Earlier this year, researchers investigated the relationship between recent naturalistic psychedelic use and subsequent daily illicit opioid use among people who use drugs. They drew data collected from 2006 to 2018 from three cohorts of community-recruited PWUD in Vancouver, Canada. Researchers estimated the association between psychedelic use and subsequent daily illicit opioid use. Results showed psychedelic use remained independently associated, with significantly reduced odds of subsequent daily opioid use. While confirmation in other settings is required, the findings align with growing evidence that psychedelic use is associated with reductions in subsequent substance use, including illicit opioid use.

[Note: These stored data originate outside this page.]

(* Let $g\ge1$, $A=\begin{pmatrix}0&0\\1&0\end{pmatrix}$, and let $\mathcal M_A=\{X(\lambda)=\lambda^{g+1}A+\sum_{i=0}^g\lambda^iX_i\mid X_i\in\mathfrak{sl}(2)\}$ with the Poisson tensor $P_0$ described in the context. The symplectic leaves of $P_0$ have dimension $2(g+1)$. Moreover, define $H(\lambda):\mathcal M_A\to\mathbb C$ by $H(X(\lambda))=\tfrac12\mathrm{Tr}\,X(\lambda)^2$ and let $H_i$ be the coefficient of $\lambda^i$ in $H(\lambda)$. Then $H_{2g+1},\dots,H_{g+1}$ are functionally independent Casimir functions of $P_0$, and consequently the symplectic leaves of $P_0$ are the level surfaces of these Casimirs.
   Context: Tangent and cotangent spaces of $\mathcal M_A\cong\mathfrak{sl}(2)^{g+1}$ are identified with $\mathfrak{sl}(2)^{g+1}$ via the pairing $\langle(V_i),(W_i)\rangle=\sum_{i=0}^g\mathrm{Tr}(V_iW_i)$. Put $X_{g+1}:=A$ and $X_m:=0$ for $m>g+1$. The Poisson tensor $P_0$ maps a covector $(W_0,\dots,W_g)$ to the vector $(\dot X_0,\dots,\dot X_g)$ with $\dot X_i=\sum_{j=0}^{g-i}[X_{i+j+1},W_j]$. *)

theory Defs
  imports "HOL-Analysis.Analysis" "HOL-Library.Function_Algebras"
begin

type_synonym mat2 = "complex^2^2"
type_synonym tuple = "nat \<Rightarrow> mat2"
  \<comment> \<open>(X_0,...,X_g); components with index > g are kept 0\<close>

definition Amat :: mat2 where
  "Amat = vector [vector [0, 0], vector [1, 0]]"

definition sl2 :: "mat2 set" where
  "sl2 = {M. trace M = 0}"

text \<open>The space M_A, identified with sl(2)^(g+1) (and its tangent/cotangent spaces).\<close>
definition MA :: "nat \<Rightarrow> tuple set" where
  "MA g = {X. (\<forall>i\<le>g. X i \<in> sl2) \<and> (\<forall>i>g. X i = 0)}"

definition tscale :: "complex \<Rightarrow> tuple \<Rightarrow> tuple" where
  "tscale c V = (\<lambda>i. \<chi> a b. c * V i $ a $ b)"

definition tadd :: "tuple \<Rightarrow> tuple \<Rightarrow> tuple" where
  "tadd V W = (\<lambda>i. V i + W i)"

definition pairing :: "nat \<Rightarrow> tuple \<Rightarrow> tuple \<Rightarrow> complex" where
  "pairing g V W = (\<Sum>i\<le>g. trace (V i ** W i))"

definition commut :: "mat2 \<Rightarrow> mat2 \<Rightarrow> mat2" where
  "commut P Q = P ** Q - Q ** P"

definition Xc :: "nat \<Rightarrow> tuple \<Rightarrow> nat \<Rightarrow> mat2" where
  "Xc g X m = (if m \<le> g then X m else if m = g + 1 then Amat else 0)"

definition P0 :: "nat \<Rightarrow> tuple \<Rightarrow> tuple \<Rightarrow> tuple" where
  "P0 g X W = (\<lambda>i. if i \<le> g then (\<Sum>j\<le>g - i. commut (Xc g X (i + j + 1)) (W j)) else 0)"

definition Hc :: "nat \<Rightarrow> nat \<Rightarrow> tuple \<Rightarrow> complex" where
  "Hc g m X = (1/2) * (\<Sum>a\<le>g+1. \<Sum>b\<le>g+1. if a + b = m then trace (Xc g X a ** Xc g X b) else 0)"

text \<open>W is the differential of F at X, identified with an element of sl(2)^(g+1) via the trace pairing.\<close>
definition is_grad :: "nat \<Rightarrow> (tuple \<Rightarrow> complex) \<Rightarrow> tuple \<Rightarrow> tuple \<Rightarrow> bool" where
  "is_grad g F X W \<longleftrightarrow> W \<in> MA g \<and>
     (\<forall>V\<in>MA g. ((\<lambda>t::complex. F (tadd X (tscale t V))) has_field_derivative pairing g W V) (at 0))"

end

theory Submission
  imports Defs
begin

(* The gradient of H_m at X is the tuple (X_{m-j})_j.  For m > g, in the i-th component of P_0
   applied to it the terms j and m - i - 1 - j are opposite commutators, so H_{g+1}, ..., H_{2g+1}
   are Casimirs.  Write M e_j for the tuple with M in slot j and 0 elsewhere.  Because X_{g+1} = A
   has (2,1)-entry 1, the Casimir gradients, and likewise the vectors P_0(H e_j) and P_0(E e_j),
   satisfy triangular Toeplitz systems and are therefore linearly independent; together with the
   E e_j the latter form a basis of sl(2)^{g+1}.  As P_0 is skew, its image lies in the common
   annihilator R of the Casimir gradients, and R meets the span of the E e_j trivially
   (triangularity once more).  Hence the image of P_0 is exactly R, spanned by the 2(g+1) vectors
   P_0(H e_j), P_0(E e_j). *)

lemma sum_fun_apply: "(sum f A) x = (\<Sum>a\<in>A. f a x)"
  by (induct A rule: infinite_finite_induct) auto

lemma sum_product_012: "(\<Sum>k\<in>{..g}\<times>{0,1,2::nat}. f k) = (\<Sum>j\<le>(g::nat). f (j,0) + f (j,1) + f (j,2))"
  by (simp add: sum.cartesian_product' add.assoc)

lemma if_distrib_add:
  "(if c then x + y else 0) = (if c then x else 0) + (if c then y else (0::'a::monoid_add))"
  by simp

lemma sum_if_add_eq:
  fixes F :: "nat \<Rightarrow> 'a::comm_monoid_add"
  assumes "a \<le> m"
  shows "(\<Sum>b\<le>n. if a + b = m then F b else 0) = (if m - a \<le> n then F (m - a) else 0)"
proof -
  have "(\<Sum>b\<le>n. if a + b = m then F b else 0) = (\<Sum>b\<le>n. if b = m - a then F b else 0)"
    using assms by (intro sum.cong) auto
  then show ?thesis
    by simp
qed

lemma sum_reflect_antisym_eq_0:
  fixes f :: "nat \<Rightarrow> 'a::real_vector"
  assumes "\<And>j. j \<in> {a..b} \<Longrightarrow> f (b + a - j) = - f j"
  shows "sum f {a..b} = 0"
proof -
  have "sum f {a..b} = (\<Sum>j=a..b. - f j)"
    by (subst sum.atLeastAtMost_rev) (auto intro: sum.cong simp: assms)
  then have "2 *\<^sub>R sum f {a..b} = 0"
    by (simp add: sum_negf scaleR_2 eq_neg_iff_add_eq_0[symmetric])
  then show ?thesis
    by simp
qed

lemma toeplitz_triangular_eq_0:
  fixes x d :: "nat \<Rightarrow> 'a::idom"
  assumes diag: "x (g + 1) \<noteq> 0" and above: "\<And>n. g + 1 < n \<Longrightarrow> x n = 0"
    and eqs: "\<And>i. i \<le> g \<Longrightarrow> (\<Sum>j\<le>g. d j * x (i + j + 1)) = 0"
  shows "n \<le> g \<Longrightarrow> d n = 0"
proof (induction n rule: less_induct)
  case (less n)
  have off_diag: "d j * x (g - n + j + 1) = 0" if "j \<in> {..g} - {n}" for j
  proof (cases "j < n")
    case True
    then show ?thesis
      using less that by simp
  next
    case False
    then have "g + 1 < g - n + j + 1"
      using less.prems that by auto
    then show ?thesis
      by (simp add: above)
  qed
  have "(\<Sum>j\<le>g. d j * x (g - n + j + 1))
      = d n * x (g - n + n + 1) + (\<Sum>j\<in>{..g} - {n}. d j * x (g - n + j + 1))"
    using less.prems by (subst sum.remove[of _ n]) auto
  also have "(\<Sum>j\<in>{..g} - {n}. d j * x (g - n + j + 1)) = 0"
    using off_diag by (rule sum.neutral[OF ballI])
  finally have "(\<Sum>j\<le>g. d j * x (g - n + j + 1)) = d n * x (g - n + n + 1)"
    by simp
  moreover have "g - n + n + 1 = g + 1"
    using less.prems by simp
  ultimately have "d n * x (g + 1) = 0"
    using eqs[of "g - n"] by simp
  then show ?case
    using diag by simp
qed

A study published in April of this year assessed whether classic psychedelics lowered the odds of OUD using data from the NSDUH from 2015 to 2019. Psilocybin was the only substance associated with lowered odds of OUD, while all other substances examined shared no association with OUD, including increased odds of OUD. The study represents a step towards a greater understanding of factors that may prevent or alleviate OUD.
Future clinical trials are required to test whether the association between psilocybin and OUD is causal, identify which mediators underlie the association, and assess whether there’s a causal link between psilocybin and OUD. More studies can also provide foundational evidence for the link and maximize the likelihood of ethical and safe clinical trials to assess psilocybin’s treatment potential.
A current trial administered by Johns Hopkins University is investigating whether 2 doses of psilocybin administered under supportive conditions can reduce illicit opioid use and improve quality of life as measured by World Health Organization Quality of Life (WHOQOL-BREF) in individuals with OUD in Methadone Maintenance Treatment (MMT) who are concurrently using other opioids illicitly.
With more awareness about this tragic disease and developments in psychedelic research, we hope OUD may become a thing of the past.